Problem to solve: Among the lines below, which ones contain the word "text"? Copy every such line.

Extracted records:
text \<open>Read off the coefficient of ybar^l_n in d_n Phi_Psi; the derivative terms of the
  change of unknowns cancel because the class n equations have constant leading part.\<close>
lemma low_class_zero_order:
  assumes \<Psi>: "\<Psi> \<in> T" "cls \<Psi> < n"
  shows "\<Phi> \<Psi> (l, zero_mi) + (\<Sum>k\<in>{1..\<beta>}. \<Phi> \<Psi> (k, zero_mi) * a k l
            + (\<Sum>i\<in>{1..n}. \<Phi> \<Psi> (k, unit_mi i) * \<delta> i (a k l))) = 0"
proof -
  define L where "L Q = Q (l, unit_mi n) + (\<Sum>k\<in>{1..\<beta>}. Q (k, unit_mi n) * a k l
            + (\<Sum>j\<in>{1..n}. Q (k, unit2_mi j n) * \<delta> j (a k l)))" for Q :: "'k lexpr"
  have "L (fderiv \<delta> n (\<Phi> \<Psi>)) = 0"
  proof (rule nonmultiplicative_prolongation[OF _ _ _ \<Psi>])
    show "linear_functional L" unfolding L_def
      by (intro linear_functional_add linear_functional_eval linear_functional_sum
          finite_atLeastAtMost linear_functional_scale)
  next
    fix \<tau> assume \<tau>: "\<tau> \<in> T"
    show "L (\<Phi> \<tau>) = 0"
    proof (cases "\<tau> \<in> top")
      case True
      then show ?thesis unfolding L_def using no_second_order[OF \<tau>] top_free_of_dn by simp
    next
      case False
      then show ?thesis
        unfolding L_def using no_second_order[OF \<tau>] no_higher_class[OF \<tau> below_top[OF \<tau>]] by simp
    qed
  next
    fix \<tau> i assume \<tau>: "\<tau> \<in> T" "1 \<le> i" "i \<le> cls \<tau>" "i \<noteq> n"
    then have i: "i \<in> {1..n}" using cls_range by force
    have inner: "(\<Sum>j\<in>{1..n}. fderiv \<delta> i (\<Phi> \<tau>) (k, unit2_mi j n) * \<delta> j (a k l))
        = \<Phi> \<tau> (k, unit_mi n) * \<delta> i (a k l)" for k
    proof -
      have "(\<Sum>j\<in>{1..n}. fderiv \<delta> i (\<Phi> \<tau>) (k, unit2_mi j n) * \<delta> j (a k l))
          = (\<Sum>j\<in>{1..n}. if j = i then \<Phi> \<tau> (k, unit_mi n) * \<delta> j (a k l) else 0)"
        using \<tau>(4) by (intro sum.cong) (auto simp: prolongation_coeff_unit2[OF \<tau>(1) i])
      then show ?thesis using i by simp
    qed
    have outer: "fderiv \<delta> i (\<Phi> \<tau>) (k, unit_mi n) = \<delta> i (\<Phi> \<tau> (k, unit_mi n))" for k
      using fderiv_at_unit[of \<delta> i "\<Phi> \<tau>" k n] \<tau>(4) by simp
    show "L (fderiv \<delta> i (\<Phi> \<tau>)) = 0"
    proof (cases "\<tau> \<in> top")
      case True
      have const: "\<delta> i (\<Phi> \<tau> (k, unit_mi n)) = 0" if "k \<in> {1..\<beta>}" for k
        using top_leading_coeff[OF True that] diff_field_zero[OF diff i] diff_field_one[OF diff i]
        by simp
      have "L (fderiv \<delta> i (\<Phi> \<tau>)) = \<delta> i (\<Phi> \<tau> (l, unit_mi n))
              + (\<Sum>k\<in>{1..\<beta>}. \<Phi> \<tau> (k, unit_mi n) * \<delta> i (a k l))"
        unfolding L_def outer inner by (simp add: const sum.distrib)
      also have "\<dots> = \<delta> i (\<Phi> \<tau> (l, unit_mi n)) + \<delta> i (a (ld \<tau>) l)"
        using sum_top_leading[OF True] by simp
      also have "\<dots> = 0"
        using a_ld[OF True] diff_field_uminus[OF diff i] by simp
      finally show ?thesis .
    next
      case False
      then have "\<Phi> \<tau> (k, unit_mi n) = 0" for k
        using no_higher_class[OF \<tau>(1) below_top[OF \<tau>(1)]] by simp
      then show ?thesis unfolding L_def outer inner using diff_field_zero[OF diff i] by simp
    qed
  qed
  moreover have "fderiv \<delta> n (\<Phi> \<Psi>) (k, unit_mi n) = \<Phi> \<Psi> (k, zero_mi)" for k
    using fderiv_at_unit[of \<delta> n "\<Phi> \<Psi>" k n] no_higher_class[OF \<Psi>]
      diff_field_zero[OF diff n_pos[OF \<Psi>(1)]] by simp
  ultimately show ?thesis unfolding L_def using prolongation_coeff_unit2[OF \<Psi>(1) n_pos[OF \<Psi>(1)]] by simp
qed

lemma low_class_free_of_new_unknowns:
  assumes "\<Psi> \<in> T" "cls \<Psi> < n" "\<beta> < l \<and> l \<le> m"
  shows "change_unknowns \<delta> n m \<beta> a (\<Phi> \<Psi>) (l, \<mu>) = 0"
proof -
  consider "\<mu> = zero_mi" | j where "\<mu> = unit_mi j" | "\<mu> \<noteq> zero_mi" "\<And>k. \<Phi> \<Psi> (k, \<mu>) = 0"
    using first_order[OF assms(1)] by blast
  then show ?thesis
  proof cases
    case 1
    then show ?thesis
      unfolding change_unknowns_def using assms low_class_zero_order by simp
  next
    case (2 j)
    then show ?thesis
      unfolding change_unknowns_def using assms low_class_first_order unit_ne_zero_mi by simp
  next
    case 3
    then show ?thesis by (simp add: change_unknowns_def)
  qed
qed

end

theorem theorem2p10:
  fixes \<delta> :: "nat \<Rightarrow> 'k::field_char_0 \<Rightarrow> 'k"
    and n m \<beta> :: nat
    and T :: "nat set"
    and \<Phi> :: "nat \<Rightarrow> 'k lexpr"
    and cls ld :: "nat \<Rightarrow> nat"
  assumes K: "diff_field n \<delta>"
    and fin: "finite T"
    and solved: "solved_first_order n m \<Phi> T cls ld"
    and inv: "involutive \<delta> n \<Phi> T cls"
    and nz: "no_zero_order n \<Phi> T"
    and beta: "card {\<tau>\<in>T. cls \<tau> = n} = \<beta>"
    and lead_n: "ld ` {\<tau>\<in>T. cls \<tau> = n} = {1..\<beta>}"
    and beta_lt: "\<beta> < m"
  shows "\<exists>a :: nat \<Rightarrow> nat \<Rightarrow> 'k.
           (\<forall>\<tau>\<in>T. cls \<tau> = n \<longrightarrow>
              (\<forall>l. \<beta> < l \<and> l \<le> m \<longrightarrow> change_unknowns \<delta> n m \<beta> a (\<Phi> \<tau>) (l, unit_mi n) = 0))
         \<and> (\<forall>\<tau>\<in>T. cls \<tau> < n \<longrightarrow>
              (\<forall>l \<mu>. \<beta> < l \<and> l \<le> m \<longrightarrow> change_unknowns \<delta> n m \<beta> a (\<Phi> \<tau>) (l, \<mu>) = 0))"
proof -
  interpret S: solved_involutive_system \<delta> n m \<beta> T \<Phi> cls ld
    using K fin solved inv beta lead_n by unfold_locales
  have top: "change_unknowns \<delta> n m \<beta> S.a (\<Phi> \<tau>) (l, unit_mi n) = 0"
    if "\<tau> \<in> T" "cls \<tau> = n" "\<beta> < l \<and> l \<le> m" for \<tau> l
    using that S.top_free_of_dn[of \<tau> l] unit_ne_zero_mi
    by (simp add: change_unknowns_def S.top_def)
  show ?thesis
    using top S.low_class_free_of_new_unknowns by blast
qed

end
lemma hcubic_root_above:
  assumes "0 < c" "c < 4/27"
  obtains q where "2/3 < q" "q < 1" "hcubic q = c"
proof -
  have "\<exists>x\<ge>2/3. x \<le> 1 \<and> hcubic x = c"
    by (rule IVT2) (use assms in \<open>auto simp: hcubic_def power2_eq_square\<close>)
  then obtain x where "2/3 \<le> x" "x \<le> 1" "hcubic x = c" by blast
  moreover have "x \<noteq> 2/3"
    using assms(2) \<open>hcubic x = c\<close> hcubic_two_thirds by (metis less_irrefl)
  moreover have "x \<noteq> 1" using assms \<open>hcubic x = c\<close> by (auto simp: hcubic_def)
  ultimately show ?thesis by (auto intro!: that)
qed

lemma hcubic_root_below:
  assumes "0 < c" "c < 4/27"
  obtains p where "0 < p" "p < 2/3" "hcubic p = c"
proof -
  have "\<exists>x\<ge>0. x \<le> 2/3 \<and> hcubic x = c"
    by (rule IVT) (use assms in \<open>auto simp: hcubic_def power2_eq_square\<close>)
  then obtain x where "0 \<le> x" "x \<le> 2/3" "hcubic x = c" by blast
  moreover have "x \<noteq> 2/3"
    using assms(2) \<open>hcubic x = c\<close> hcubic_two_thirds by (metis less_irrefl)
  moreover have "x \<noteq> 0" using assms \<open>hcubic x = c\<close> by (auto simp: hcubic_def)
  ultimately show ?thesis by (auto intro!: that)
qed

definition quad :: "real \<Rightarrow> real \<Rightarrow> real" where
  "quad p y = p + y - p^2 - p*y - y^2"

lemma hcubic_diff_quad: "hcubic y - hcubic p = (y - p) * quad p y"
  unfolding hcubic_diff quad_def by (simp add: algebra_simps)

lemma quad_factor:
  assumes "quad p q = 0"
  shows "quad p y = (q - y) * (y - (1 - p - q))"
proof -
  have "quad p y - (q - y) * (y - (1 - p - q)) = quad p q"
    by (simp add: quad_def algebra_simps power2_eq_square)
  then show ?thesis using assms by simp
qed

lemma quad_root_sum:
  assumes "0 < p" "p < q" "quad p q = 0"
  shows "1 < p + q"
proof -
  have "(p + q) * (p + q - 1) - p * q = - quad p q"
    by (simp add: quad_def algebra_simps power2_eq_square)
  then have "(p + q) * (p + q - 1) = p * q" using assms(3) by simp
  then have "0 < (p + q) * (p + q - 1)" using assms by simp
  then show ?thesis using assms by (simp add: zero_less_mult_iff)
qed

lemma quad_pos:
  assumes "0 < p" "p < q" "quad p q = 0" "0 \<le> y" "y < q"
  shows "0 < quad p y"
  unfolding quad_factor[OF assms(3)]
  using quad_root_sum[OF assms(1-3)] assms by (intro mult_pos_pos) auto

definition nu :: "real \<Rightarrow> real \<Rightarrow> real" where
  "nu p y = y^3 * (2 - 2*p - y) / (2 * (quad p y)^2)"

definition nu' :: "real \<Rightarrow> real \<Rightarrow> real" where
  "nu' p y = ((6*(1 - p)*y^2 - 4*y^3) * quad p y - 2 * y^3 * (2 - 2*p - y) * (1 - p - 2*y))
     / (2 * (quad p y)^3)"

definition kpoly :: "real \<Rightarrow> real \<Rightarrow> real" where
  "kpoly p y = 2*p^2*(1 - p)^2 - 2*y*p^2*(1 - p) + 4*y^2*p*(1 - p) + y^3*(1 - 3*p)"

lemma quad_deriv: "(quad p has_real_derivative 1 - p - 2*y) (at y)"
  unfolding quad_def by (auto intro!: derivative_eq_intros)

lemma nu_deriv:
  assumes "quad p y \<noteq> 0"
  shows "(nu p has_real_derivative nu' p y) (at y)"
proof -
  have num: "((\<lambda>y. y^3 * (2 - 2*p - y)) has_real_derivative 6*(1 - p)*y^2 - 4*y^3) (at y)"
    by (auto intro!: derivative_eq_intros simp: algebra_simps power2_eq_square power3_eq_cube)
  have den: "((\<lambda>y. 2 * (quad p y)^2) has_real_derivative 4 * quad p y * (1 - p - 2*y)) (at y)"
    by (auto intro!: derivative_eq_intros quad_deriv)
  have "(nu p has_real_derivative
      ((6*(1 - p)*y^2 - 4*y^3) * (2 * (quad p y)^2) - y^3 * (2 - 2*p - y) * (4 * quad p y * (1 - p - 2*y)))
      / (2 * (quad p y)^2 * (2 * (quad p y)^2))) (at y)" (is "(_ has_real_derivative ?D) _")
    unfolding nu_def[abs_def] by (rule DERIV_divide[OF num den]) (use assms in simp)
  moreover have "?D = nu' p y"
    using assms by (simp add: nu'_def field_simps power2_eq_square power3_eq_cube)
  ultimately show ?thesis by simp
qed

lemma nu'_deriv:
  assumes "quad p y \<noteq> 0"
  shows "(nu' p has_real_derivative 3 * y * (1 - p) * kpoly p y / (quad p y)^4) (at y)"
proof -
  define A' where "A' y = 6*(1 - p)*y^2 - 4*y^3" for y
  define N where "N y = A' y * quad p y - 2 * y^3 * (2 - 2*p - y) * (1 - p - 2*y)" for y
  define N' where "N' = (12*(1 - p)*y - 12*y^2) * quad p y - A' y * (1 - p - 2*y) + 4 * y^3 * (2 - 2*p - y)"
  have num: "(N has_real_derivative N') (at y)"
    unfolding N_def[abs_def] A'_def N'_def
    by (rule derivative_eq_intros quad_deriv refl)+
      (simp add: algebra_simps power2_eq_square power3_eq_cube)
  have den: "((\<lambda>y. 2 * (quad p y)^3) has_real_derivative 6 * (quad p y)^2 * (1 - p - 2*y)) (at y)"
    by (auto intro!: derivative_eq_intros quad_deriv simp: power2_eq_square)
  have deriv: "(nu' p has_real_derivative
      (N' * (2 * (quad p y)^3) - N y * (6 * (quad p y)^2 * (1 - p - 2*y))) / (2 * (quad p y)^3 * (2 * (quad p y)^3))) (at y)"
    (is "(_ has_real_derivative ?D) _")
    unfolding nu'_def[abs_def] N_def[symmetric, unfolded A'_def]
    by (rule DERIV_divide[OF num den]) (use assms in simp)
  have "?D = (2 * (quad p y)^2 * (N' * quad p y - 3 * N y * (1 - p - 2*y)))
      / (2 * (quad p y)^2 * (2 * (quad p y)^4))"
    by (simp add: algebra_simps power2_eq_square power3_eq_cube power4_eq_xxxx)
  also have "\<dots> = (N' * quad p y - 3 * N y * (1 - p - 2*y)) / (2 * (quad p y)^4)"
    using assms by (intro mult_divide_mult_cancel_left) simp
  also have "N' * quad p y - 3 * N y * (1 - p - 2*y) = 6 * y * (1 - p) * kpoly p y"
    unfolding N_def N'_def A'_def quad_def kpoly_def
    by (simp add: algebra_simps power2_eq_square power3_eq_cube)
  also have "6 * y * (1 - p) * kpoly p y / (2 * (quad p y)^4) = 3 * y * (1 - p) * kpoly p y / (quad p y)^4"
    by simp
  finally show ?thesis using deriv by simp
qed

text \<open>\<open>D\<^sup>4 (1 + w)\<^sup>3 kpoly p y\<close> after the substitution \<open>m = q/p\<close>, \<open>w = y/(q - y)\<close>,
  \<open>D = 1 + m + m\<^sup>2\<close> (lemma \<open>kpoly_pos\<close>); at \<open>m = 1 + u\<close> all its coefficients are positive.\<close>
definition kpoly_mw :: "real \<Rightarrow> real \<Rightarrow> real" where
  "kpoly_mw m w = 2*(1 + m)^2*(m^2)^2*(1 + w)^3 - 2*(m*(1 + m)*w)*(1 + m)^2*m^2*(1 + w)^2
     + 4*(m*(1 + m)*w)^2*(1 + m)*m^2*(1 + w) + (m*(1 + m)*w)^3*(m^2 - 2*m - 2)"

lemma kpoly_mw_shift: "kpoly_mw (1 + u) w = 8 + 8*w + 24*w^2 + 40*u + 48*u*w + 152*u*w^2 + 36*u*w^3
  + 82*u^2 + 114*u^2*w + 390*u^2*w^2 + 168*u^2*w^3 + 88*u^3 + 138*u^3*w + 528*u^3*w^2 + 325*u^3*w^3
  + 52*u^4 + 90*u^4*w + 408*u^4*w^2 + 337*u^4*w^3 + 16*u^5 + 30*u^5*w + 180*u^5*w^2 + 202*u^5*w^3
  + 2*u^6 + 4*u^6*w + 42*u^6*w^2 + 70*u^6*w^3 + 4*u^7*w^2 + 13*u^7*w^3 + u^8*w^3"
  unfolding kpoly_mw_def by (simp add: algebra_simps numeral_eq_Suc)

lemma kpoly_mw_pos: "0 < u \<Longrightarrow> 0 < w \<Longrightarrow> 0 < kpoly_mw (1 + u) w"
  unfolding kpoly_mw_shift
  by (auto intro!: add_pos_nonneg add_nonneg_nonneg mult_nonneg_nonneg zero_le_power simp: less_imp_le)

lemma kpoly_scaled:
  "D^4 * (1 + w)^3 * kpoly p y = 2*(p*D)^2*((1 - p)*D)^2*(1 + w)^3
     - 2*(y*D*(1 + w))*(p*D)^2*((1 - p)*D)*(1 + w)^2
     + 4*(y*D*(1 + w))^2*(p*D)*((1 - p)*D)*(1 + w) + (y*D*(1 + w))^3*(D*(1 - 3*p))"
  unfolding kpoly_def by (simp add: algebra_simps numeral_eq_Suc)

lemma kpoly_pos:
  assumes "0 < p" "p < q" "quad p q = 0" "0 < y" "y < q"
  shows "0 < kpoly p y"
proof -
  define m where "m = q / p"
  define w where "w = y / (q - y)"
  define D where "D = 1 + m + m^2"
  have q: "q = m * p" and m: "1 < m" using assms by (simp_all add: m_def)
  have w: "0 < w" using assms by (simp add: w_def)
  have "quad p q = p * (1 + m - p * D)"
    unfolding q quad_def D_def by (simp add: algebra_simps power2_eq_square)
  then have pD: "p * D = 1 + m" using assms by simp
  then have "(1 - p) * D = m^2" "D * (1 - 3*p) = m^2 - 2*m - 2"
    by (simp_all add: D_def algebra_simps power2_eq_square)
  moreover have "y * D * (1 + w) = m * (1 + m) * w"
  proof -
    have "y * (1 + w) = q * w" using assms by (simp add: w_def field_simps)
    then show ?thesis using pD q by (metis mult.assoc mult.commute)
  qed
  ultimately have "D^4 * (1 + w)^3 * kpoly p y = kpoly_mw m w"
    unfolding kpoly_scaled pD kpoly_mw_def by simp
  moreover have "0 < D" using m by (simp add: D_def add_pos_pos)
  then have "0 < D^4 * (1 + w)^3" using w by simp
  moreover have "0 < kpoly_mw m w" using kpoly_mw_pos[of "m - 1" w] m w by simp
  ultimately show ?thesis by (metis zero_less_mult_pos)
qed

lemma quad_root_less_one:
  assumes "0 < p" "p < q" "quad p q = 0"
  shows "p < 1"
proof -
  have "p * (1 - p) - q * (p + q - 1) = quad p q"
    by (simp add: quad_def algebra_simps power2_eq_square)
  then have "p * (1 - p) = q * (p + q - 1)" using assms(3) by simp
  moreover have "0 < q * (p + q - 1)" using quad_root_sum[OF assms] assms by simp
  ultimately have "0 < p * (1 - p)" by simp
  then show ?thesis using zero_less_mult_pos[of p "1 - p"] assms(1) by simp
qed

lemma nu'_strict_mono:
  assumes "0 < p" "p < q" "quad p q = 0" "0 < y" "y < z" "z < q"
  shows "nu' p y < nu' p z"
proof (rule DERIV_pos_imp_increasing[OF \<open>y < z\<close>])
  fix x assume "y \<le> x" "x \<le> z"
  then have x: "0 < x" "x < q" using assms by auto
  then have Q: "0 < quad p x" using quad_pos assms by simp
  have "0 < 3 * x * (1 - p) * kpoly p x / (quad p x)^4"
    using kpoly_pos[OF assms(1-3) x] quad_root_less_one[OF assms(1-3)] x Q by simp
  then show "\<exists>d. (nu' p has_real_derivative d) (at x) \<and> 0 < d"
    using nu'_deriv Q by force
qed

Finished exercise:
text \<open>Read off the coefficient of ybar^l_n in d_n Phi_Psi; the derivative terms of the
text \<open>\<open>D\<^sup>4 (1 + w)\<^sup>3 kpoly p y\<close> after the substitution \<open>m = q/p\<close>, \<open>w = y/(q - y)\<close>,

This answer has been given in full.